A mesma queda ocorre na segunda parte do Quixote, embora o maravilhamento que experimentamos com o lance metaficcional do autor - ao entregar ao seu anti-herói cavalheiresco o primeiro volume com as histórias vividas pelo próprio protagonista - seja um dos pontos altos da obra. 

Já o Bardo Imortal, além de ter sido um voraz pilhador de obra alheia, também apresentou um variado cardápio de pratos, cujos sabores não despertam na língua o mesmo prazer, seja de uma peça para outra, seja dentro da mesma peça.

Poderíamos enfileirar exemplos sem fim, como o caso de obras gigantescas também no tamanho, como é o caso de Proust, quando o empuxo narrativo ao final de Em Busca do Tempo Perdido já não é mais o mesmo dos primeiros volumes. Tudo para provar o que já está sugerido na própria frase de Buffon: o ser humano muda ao longo da vida, logo... o estilo é o homem que muda... 

Não vem ao caso esmiuçar as razões das mudanças, como o longo tempo na fatura de certas obras, e até mesmo a mudança de concepções literárias do autor, basta verificar a ocorrência, em especial nas obras mais longas, ou em obras diferentes do mesmo autor realizadas em diferentes épocas.
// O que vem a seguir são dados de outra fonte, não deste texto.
(* For every $\varepsilon>0$ and every $M>0$ there exists a function $\phi:\mathbb{R}\to\mathbb{R}$ generated by a $\widetilde{\sigma}$-activated network with width $50$ and depth $6$ such that $|\phi(x)-\sigma(x)|<\varepsilon$ for all $x\in[-M,M]$.
   Context: Let $\sigma_1:\mathbb{R}\to\mathbb{R}$ be the continuous triangular-wave function of period $2$: $\sigma_1(x)=|x|$ for $x\in[-1,1]$, $\sigma_1(x+2)=\sigma_1(x)$. Let $\sigma(x)=\sigma_1(x)$ for $x\ge0$ and $\sigma(x)=x/(|x|+1)$ for $x<0$. Define $\widetilde{\sigma}(x)=\frac{x}{-x+1}$ for $x\le 0$ and $\widetilde{\sigma}(x)=\int_0^x\frac{c\,\sigma(t)+1}{(2t+1)^2}\,dt$ for $x>0$, where $c=\big(2\int_0^\infty\frac{\sigma(t)}{(2t+1)^2}dt\big)^{-1}$. For an activation $\eta$ (applied entrywise), a function generated by an $\eta$-activated network with one input, width $N$ and depth $L$ is a function of the form $\mathcal{L}_{\ell}\circ\eta\circ\mathcal{L}_{\ell-1}\circ\cdots\circ\eta\circ\mathcal{L}_0$ with $\ell\le L$ hidden layers, affine maps $\mathcal{L}_i$, $\mathcal{L}_0$ with domain $\mathbb{R}$, $\mathcal{L}_\ell$ with codomain $\mathbb{R}$, and at most $N$ neurons in each hidden layer. *)

theory Defs
  imports "HOL-Analysis.Analysis"
begin

text \<open>Triangular wave of period 2: equals abs x on [-1,1].\<close>
definition sigma1 :: "real \<Rightarrow> real" where
  "sigma1 x = \<bar>x - 2 * of_int \<lfloor>(x + 1) / 2\<rfloor>\<bar>"

definition sigma :: "real \<Rightarrow> real" where
  "sigma x = (if x \<ge> 0 then sigma1 x else x / (\<bar>x\<bar> + 1))"

definition cconst :: real where
  "cconst = inverse (2 * integral {0..} (\<lambda>t. sigma t / (2 * t + 1)^2))"

definition sigma_tilde :: "real \<Rightarrow> real" where
  "sigma_tilde x = (if x \<le> 0 then x / (- x + 1)
     else integral {0..x} (\<lambda>t. (cconst * sigma t + 1) / (2 * t + 1)^2))"

text \<open>Affine map from R^m to R^n (vectors as nat-indexed functions, entries >= dim are 0).\<close>
definition affine_map :: "nat \<Rightarrow> nat \<Rightarrow> (nat \<Rightarrow> nat \<Rightarrow> real) \<Rightarrow> (nat \<Rightarrow> real)
    \<Rightarrow> (nat \<Rightarrow> real) \<Rightarrow> (nat \<Rightarrow> real)" where
  "affine_map n m W b v = (\<lambda>i. if i < n then (\<Sum>j<m. W i j * v j) + b i else 0)"

text \<open>Network evaluation: dims = [d0, d1, ..., d_{l+1}], one (W,b) per affine layer;
  activation applied entrywise after every affine map except the last.\<close>
fun eval_net :: "(real \<Rightarrow> real) \<Rightarrow> nat list \<Rightarrow> ((nat \<Rightarrow> nat \<Rightarrow> real) \<times> (nat \<Rightarrow> real)) list
    \<Rightarrow> (nat \<Rightarrow> real) \<Rightarrow> (nat \<Rightarrow> real)" where
  "eval_net act [m, n] [(W, b)] v = affine_map n m W b v"
| "eval_net act (m # n # k # ds) ((W, b) # ps) v =
     eval_net act (n # k # ds) ps (\<lambda>i. act (affine_map n m W b v i))"
| "eval_net act _ _ v = (\<lambda>i. 0)"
Buffon, talvez por estar empenhado demais com as espécies botânicas para enfeitar o jardim do rei, talvez por esse seu olhar científico sobre as espécies zoológicas e botânicas, não
Buffon: "O estilo é o próprio homem"
percebeu que, além dos animais descenderem de outros animais, antecipando os estudos de Darwin e Lamarck (pesquisadores científicos que ajudariam mais tarde a acelerar a percepção das mutações das espécies...), não percebeu que a mudança dos homens, que já se acelerava no seu tempo industrioso, acabaria provocando também a mudança do conceito de obra. Que deixou de designar, em especial com o Modernismo, apenas o conjunto de peças de um mesmo autor ao longo de uma vida (implícita aí a noção de unidade existencial, filosófica e de estilo), mas passou a designar também e sobretudo a peça individual. 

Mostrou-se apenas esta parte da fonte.